Dr. Edelstein was a sociologist and respected academic and had devoted his efforts to humanitarian and social welfare projects in Soweto. Serving as Deputy Chief Welfare Officer, Dr Edelstein instituted many projects aimed at assisting youth, disabled, poor and marginalized communities within Soweto, where he worked for some 18 years. A practicing orthodox Jew, Melville Edelstein was apolitical & dedicated to serving the good of mankind. He was also a pacifist who refused to enlist for World War II. While employed as a social worker for the Welfare Section of the Non-European Affairs Department, which fell under the City of Johannesburg, he showed great concern for the people of Soweto, where he served for 18 years.
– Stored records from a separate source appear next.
(* A digraph $X$ has every eigenvalue of $H(X)$ in $\{-1,1\}$ if and only if $\Gamma(X)\cong mK_2$ (the disjoint union of $m$ copies of $K_2$) for some $m$.
   Context: A digraph $X$ has a finite vertex set and an arc set of ordered pairs of distinct vertices. The underlying graph $\Gamma(X)$ is the simple graph with an edge $\{x,y\}$ whenever $xy$ or $yx$ is an arc. The Hermitian adjacency matrix $H(X)$ has $(u,v)$-entry $1$ if $uv$ and $vu$ are arcs, $i$ if only $uv$ is an arc, $-i$ if only $vu$ is an arc, and $0$ otherwise. *)

theory Defs
  imports Complex_Main "Jordan_Normal_Form.Char_Poly"
begin

definition digraph :: "nat \<Rightarrow> (nat \<times> nat) set \<Rightarrow> bool" where
  "digraph n A \<longleftrightarrow> A \<subseteq> {0..<n} \<times> {0..<n} \<and> (\<forall>(u,v)\<in>A. u \<noteq> v)"

definition herm_adj :: "nat \<Rightarrow> (nat \<times> nat) set \<Rightarrow> complex mat" where
  "herm_adj n A = mat n n (\<lambda>(u,v).
     if (u,v) \<in> A \<and> (v,u) \<in> A then 1
     else if (u,v) \<in> A then \<i>
     else if (v,u) \<in> A then - \<i>
     else 0)"

definition underlying_adj :: "(nat \<times> nat) set \<Rightarrow> nat \<Rightarrow> nat \<Rightarrow> bool" where
  "underlying_adj A u v \<longleftrightarrow> (u,v) \<in> A \<or> (v,u) \<in> A"

definition mK2_adj :: "nat \<Rightarrow> nat \<Rightarrow> nat \<Rightarrow> bool" where
  "mK2_adj m i j \<longleftrightarrow> i < 2*m \<and> j < 2*m \<and> i \<noteq> j \<and> i div 2 = j div 2"

definition underlying_iso_mK2 :: "nat \<Rightarrow> (nat \<times> nat) set \<Rightarrow> nat \<Rightarrow> bool" where
  "underlying_iso_mK2 n A m \<longleftrightarrow>
     (\<exists>f. bij_betw f {0..<n} {0..<2*m} \<and>
          (\<forall>u\<in>{0..<n}. \<forall>v\<in>{0..<n}. underlying_adj A u v \<longleftrightarrow> mK2_adj m (f u) (f v)))"

end

theory Submission
  imports Defs "Jordan_Normal_Form.Schur_Decomposition"
begin

text \<open>
  Over \<open>\<complex>\<close>, the trace of \<open>H\<^sup>k\<close> is the sum of the \<open>k\<close>-th powers of the eigenvalues, so a spectrum
  in \<open>{-1, 1}\<close> forces \<open>tr H\<^sup>2 = tr H\<^sup>4 = n\<close>. The diagonal of \<open>H\<^sup>2\<close> holds the degrees \<open>d\<^sub>u\<close> of the
  underlying graph, and since \<open>H\<^sup>2\<close> is Hermitian, \<open>tr H\<^sup>4\<close> is the sum of the squared moduli of its
  entries. Hence \<open>\<Sum> d\<^sub>u = n\<close> and \<open>\<Sum> d\<^sub>u\<^sup>2 \<le> n\<close>, which forces every degree to be \<open>1\<close>, i.e. the
  underlying graph is a perfect matching \<open>mK\<^sub>2\<close>. Conversely, on a perfect matching \<open>H\<^sup>2 = I\<close>, so every
  eigenvalue squares to \<open>1\<close>.
\<close>

section \<open>Traces of matrix powers\<close>

definition trace :: "'a::comm_ring_1 mat \<Rightarrow> 'a" where
  "trace A = (\<Sum>i<dim_row A. A $$ (i,i))"

lemma trace_mult_comm:
  assumes A: "A \<in> carrier_mat n m" and B: "B \<in> carrier_mat m n"
  shows "trace (A * B) = trace (B * A)"
proof -
  have "trace (A * B) = (\<Sum>i<n. \<Sum>k<m. A $$ (i,k) * B $$ (k,i))"
    using A B by (simp add: trace_def scalar_prod_def lessThan_atLeast0)
  also have "\<dots> = (\<Sum>k<m. \<Sum>i<n. B $$ (k,i) * A $$ (i,k))"
    by (subst sum.swap) (simp add: mult.commute)
  also have "\<dots> = trace (B * A)"
    using A B by (simp add: trace_def scalar_prod_def lessThan_atLeast0)
  finally show ?thesis .
qed

lemma trace_similar_mat_wit:
  assumes "similar_mat_wit A B P Q"
  shows "trace A = trace B"
proof -
  define n where "n = dim_row A"
  note wit = similar_mat_witD[OF n_def assms]
  have "trace A = trace (Q * (P * B))"
    unfolding wit(3) using wit(5-7) by (intro trace_mult_comm) auto
  also have "Q * (P * B) = (Q * P) * B"
    by (rule assoc_mult_mat[symmetric, of _ n n _ n _ n]) (simp_all add: wit)
  also have "\<dots> = B" using wit(2,5) by simp
  finally show ?thesis .
qed

lemma upper_triangular_pow_mat:
  fixes B :: "'a::comm_semiring_1 mat"
  assumes B: "B \<in> carrier_mat n n" and ut: "upper_triangular B"
  shows "upper_triangular (B ^\<^sub>m k) \<and> (\<forall>i<n. (B ^\<^sub>m k) $$ (i,i) = B $$ (i,i) ^ k)"
proof (induction k)
  case 0
  then show ?case using B by auto
next
  case (Suc k)
  let ?X = "B ^\<^sub>m k"
  have X: "?X \<in> carrier_mat n n" using B by simp
  have utX: "upper_triangular ?X" and dX: "\<forall>i<n. ?X $$ (i,i) = B $$ (i,i) ^ k"
    using Suc by auto
  have entry: "(?X * B) $$ (i,j) = (\<Sum>l<n. ?X $$ (i,l) * B $$ (l,j))" if "i < n" "j < n" for i j
    using that X B by (simp add: scalar_prod_def lessThan_atLeast0)
  have vanish: "?X $$ (i,l) * B $$ (l,j) = 0"
    if "i < n" "l < n" "j \<le> i" "l \<noteq> i \<or> j \<noteq> i" for i j l
  proof (cases "l < i")
    case True
    then show ?thesis using upper_triangularD[OF utX True] that X B by simp
  next
    case False
    then have "j < l" using that by auto
    then show ?thesis using upper_triangularD[OF ut \<open>j < l\<close>] that B by simp
  qed
  have "upper_triangular (?X * B)"
  proof
    fix i j assume ji: "j < i" and i: "i < dim_row (?X * B)"
    then have "i < n" using B by simp
    then show "(?X * B) $$ (i,j) = 0"
      using entry[of i j] vanish[of i _ j] ji by (simp add: sum.neutral)
  qed
  moreover have "(?X * B) $$ (i,i) = B $$ (i,i) ^ Suc k" if i: "i < n" for i
  proof -
    have "(\<Sum>l<n. ?X $$ (i,l) * B $$ (l,i)) = ?X $$ (i,i) * B $$ (i,i)"
      using i vanish[of i _ i] by (subst sum.remove[of _ i]) (auto intro: sum.neutral)
    then show ?thesis using entry[of i i] i dX by (simp add: mult.commute)
  qed
  ultimately show ?case by simp
qed

lemma trace_pow_mat_char_poly_roots:
  fixes A :: "'a::conjugatable_ordered_field mat"
  assumes A: "A \<in> carrier_mat n n" and cp: "char_poly A = (\<Prod>e\<leftarrow>es. [:- e, 1:])"
  shows "trace (A ^\<^sub>m k) = (\<Sum>e\<leftarrow>es. e ^ k)"
proof -
  obtain B P Q where "schur_decomposition A es = (B,P,Q)"
    by (cases "schur_decomposition A es") auto
  from schur_decomposition[OF A cp this]
  have wit: "similar_mat_wit A B P Q" and ut: "upper_triangular B" and diag: "diag_mat B = es"
    by auto
  have B: "B \<in> carrier_mat n n" using similar_mat_witD2(5)[OF A wit] .
  have len: "length es = n" using B diag[symmetric] by (simp add: diag_mat_def)
  have "trace (A ^\<^sub>m k) = trace (B ^\<^sub>m k)"
    by (rule trace_similar_mat_wit[OF similar_mat_wit_pow[OF wit]])
  also have "\<dots> = (\<Sum>i<n. (es ! i) ^ k)"
    using upper_triangular_pow_mat[OF B ut, of k] B diag[symmetric]
    by (simp add: trace_def diag_mat_def)
  also have "\<dots> = (\<Sum>e\<leftarrow>es. e ^ k)"
    by (simp add: sum_list_sum_nth len atLeast0LessThan)
  finally show ?thesis .
qed

lemma trace_even_pow_mat_unit_spectrum:
  fixes A :: "complex mat"
  assumes A: "A \<in> carrier_mat n n"
    and spec: "\<forall>e. eigenvalue A e \<longrightarrow> e \<in> {-1, 1}" and k: "even k"
  shows "trace (A ^\<^sub>m k) = of_nat n"
proof -
  obtain es where cp: "char_poly A = (\<Prod>e\<leftarrow>es. [:- e, 1:])" and len: "length es = n"
    using char_poly_factorized[OF A] by auto
  have "e ^ k = 1" if "e \<in> set es" for e
  proof -
    have "poly (char_poly A) e = 0"
      unfolding cp using that by (simp add: poly_prod_list prod_list_zero_iff)
    then have "e \<in> {-1, 1}" using spec eigenvalue_root_char_poly[OF A] by blast
    then show ?thesis using k by auto
  qed
  then have "(\<Sum>e\<leftarrow>es. e ^ k) = (\<Sum>e\<leftarrow>es. 1)"
    by (intro arg_cong[where f = sum_list] map_cong) auto
  then show ?thesis
    using trace_pow_mat_char_poly_roots[OF A cp, of k] len by (simp add: sum_list_triv)
qed

lemma trace_mult_self_hermitian:
  fixes X :: "complex mat"
  assumes X: "X \<in> carrier_mat n n"
    and herm: "\<And>u w. u < n \<Longrightarrow> w < n \<Longrightarrow> X $$ (w,u) = cnj (X $$ (u,w))"
  shows "trace (X * X) = of_real (\<Sum>u<n. \<Sum>w<n. (cmod (X $$ (u,w)))\<^sup>2)"
proof -
  have "trace (X * X) = (\<Sum>u<n. \<Sum>w<n. X $$ (u,w) * X $$ (w,u))"
    using X by (simp add: trace_def scalar_prod_def lessThan_atLeast0)
  also have "\<dots> = (\<Sum>u<n. \<Sum>w<n. of_real ((cmod (X $$ (u,w)))\<^sup>2))"
  proof (intro sum.cong refl)
    fix u w assume "u \<in> {..<n}" "w \<in> {..<n}"
    then have "X $$ (w,u) = cnj (X $$ (u,w))" by (intro herm) auto
    then show "X $$ (u,w) * X $$ (w,u) = of_real ((cmod (X $$ (u,w)))\<^sup>2)"
      by (simp add: complex_norm_square[symmetric])
  qed
  finally show ?thesis by simp
qed

lemma eigenvalue_involutory_mat:
  fixes A :: "'a::field mat"
  assumes A: "A \<in> carrier_mat n n" and inv: "A * A = 1\<^sub>m n" and ev: "eigenvalue A e"
  shows "e \<in> {-1, 1}"
proof -
  obtain v where v: "eigenvector A v e" using ev unfolding eigenvalue_def by auto
  then have vc: "v \<in> carrier_vec n" and "v \<noteq> 0\<^sub>v n"
    using A unfolding eigenvector_def by auto
  then obtain i where i: "i < n" "v $ i \<noteq> 0" by (metis eq_vecI index_zero_vec carrier_vecD)
  have "v = e ^ 2 \<cdot>\<^sub>v v"
    using eigenvector_pow[OF A v, of 2] inv A vc by (simp add: numeral_2_eq_2)
  then have "v $ i = e ^ 2 * v $ i" using i vc by (metis index_smult_vec(1) carrier_vecD)
  then have "e ^ 2 = 1" using i by simp
  then show ?thesis by (auto simp: power2_eq_1_iff)
qed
Earlier on the fateful morning, he greeted students as they passed his offices on Mputhi Street. However once the shock of the police shooting spread through their ranks, high spirits turned to anger, and Dr Edelstein was killed for being a white official in the wrong place at the wrong time. That morning, Dr Edelstein was hosting the official opening for a branch of his Sheltered Workshop Programme in Orlando East, designed to provide employment for disabled people. When news of the student protests reached the project, the ceremony was brought to a hurried end as dignitaries and workers were ferried out of the township. Concerned about the safety of a woman colleague, - Pierette Jacques, back at the Youth Centre in Youth Centre in Jabavu - Dr Edelstein drove through crowds of gathering students to get to her office. Edelstein then rushed through the offices, instructing staff to leave immediately.
While there an angry mob broke into the building and stoned him to death. Reporter Peter Magubane later found his body with a note saying "Beware Afrikaans is the most dangerous drug for our future." The reporter said, "If they'd known who he was, this would never have happened."